The quality score is used as a weight in the correlation calculation, NOT as a multiplier on the symptom score. See MVP: Weighted Correlation with FDR Correction for the correct weighted correlation approach.

# The quality score weights the observation's INFLUENCE, not its VALUE.
# A quality=0.3 day still has its full symptom score — it just
# contributes less to the fitted correlation.
correlation = WeightedPearson(
  x: ingredient_exposure,
  y: symptom_scores,      # raw, unmodified
  weights: quality_scores  # per-category weights
)

This isn’t perfect statistics — it’s pragmatic weighting appropriate for a consumer app.
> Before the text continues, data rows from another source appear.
section \<open>Matrix preliminaries, adjoints and quadratic forms\<close>

lemma minus_vec_eq_zero_iff:
  "(x :: 'a :: group_add vec) \<in> carrier_vec n \<Longrightarrow> y \<in> carrier_vec n \<Longrightarrow> x - y = 0\<^sub>v n \<longleftrightarrow> x = y"
  by (auto simp: vec_eq_iff)

lemma minus_zero_mat [simp]: "(A :: 'a :: group_add mat) \<in> carrier_mat n m \<Longrightarrow> A - 0\<^sub>m n m = A"
  by (intro eq_matI) auto

lemma smult_mult_mat_vec:
  "A \<in> carrier_mat n m \<Longrightarrow> x \<in> carrier_vec m \<Longrightarrow> (c \<cdot>\<^sub>m A) *\<^sub>v x = c \<cdot>\<^sub>v (A *\<^sub>v x)"
  by (intro eq_vecI) (auto simp: scalar_prod_def sum_distrib_left algebra_simps)

lemma smult_mat_cancel:
  fixes A B :: "'a :: field mat"
  assumes c: "c \<noteq> 0" and eq: "c \<cdot>\<^sub>m A = c \<cdot>\<^sub>m B"
  shows "A = B"
proof -
  have "A = inverse c \<cdot>\<^sub>m (c \<cdot>\<^sub>m A)" using c by (intro eq_matI) auto
  also have "\<dots> = B" unfolding eq using c by (intro eq_matI) auto
  finally show ?thesis .
qed

lemma nonneg_eq_neg_scaled_imp_zero:
  fixes a b :: complex
  assumes a: "0 \<le> a" and b: "0 \<le> b" and eq: "a = - (complex_of_real r * b)" and r: "0 < r"
  shows "b = 0"
proof -
  have rb: "0 \<le> complex_of_real r * b" using r b by (simp add: less_eq_complex_def)
  have "a + complex_of_real r * b = 0" using eq by simp
  then have "complex_of_real r * b = 0" using add_nonneg_eq_0_iff[OF a rb] by simp
  then show ?thesis using r by simp
qed

lemma cadj_carrier: "A \<in> carrier_mat n m \<Longrightarrow> cadj A \<in> carrier_mat m n"
  by (simp add: cadj_def)

lemma cadj_dim [simp]: "dim_row (cadj A) = dim_col A" "dim_col (cadj A) = dim_row A"
  by (simp_all add: cadj_def)

lemma cadj_index [simp]:
  "i < dim_col A \<Longrightarrow> j < dim_row A \<Longrightarrow> cadj A $$ (i, j) = cnj (A $$ (j, i))"
  by (simp add: cadj_def)

lemma cadj_mult:
  "A \<in> carrier_mat n k \<Longrightarrow> B \<in> carrier_mat k m \<Longrightarrow> cadj (A * B) = cadj B * cadj A"
  by (intro eq_matI) (auto simp: scalar_prod_def mult.commute intro!: sum.cong)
The v0.2+ upgrade path is to ANCOVA (treat confounders as covariates directly) or mixed effects modeling (treat user as a random effect and confounders as fixed effects).

Why Not Just Exclude Bad Days?

Exclusion loses data. Weighting preserves the observation while appropriately discounting its reliability. Over 30 days, most people will have a mix of quality days — weighted averaging uses all of it, just proportionally.

Also: if someone has consistently poor sleep and consistently high symptoms, that’s a real signal that the model should surface — not suppress. The v0.2 mixed effects model can directly estimate the sleep-symptom relationship as a covariate, turning this confounder into useful information: “Your symptoms correlate more strongly with sleep quality than with any food” is a valuable finding.

UI Implications

The daily check-in should be fast — 30 seconds max. Pre-population from HealthKit handles sleep automatically for most users. The remaining manual fields: stress level (one tap 1-5), exercise (one tap), and optional flags.

The user never sees “quality score” or “weighted correlation.” They see: “Your data from Tuesday is marked as lower confidence due to poor sleep.”

Biochemical Basis

Each confounder tracked here has a specific biochemical mechanism affecting mast cell activity. The bucket model provides the theoretical framework: these confounders change the size of the bucket (capacity to handle mediators) independent of food. The app’s confounder weighting is a statistical implementation of that biochemical reality.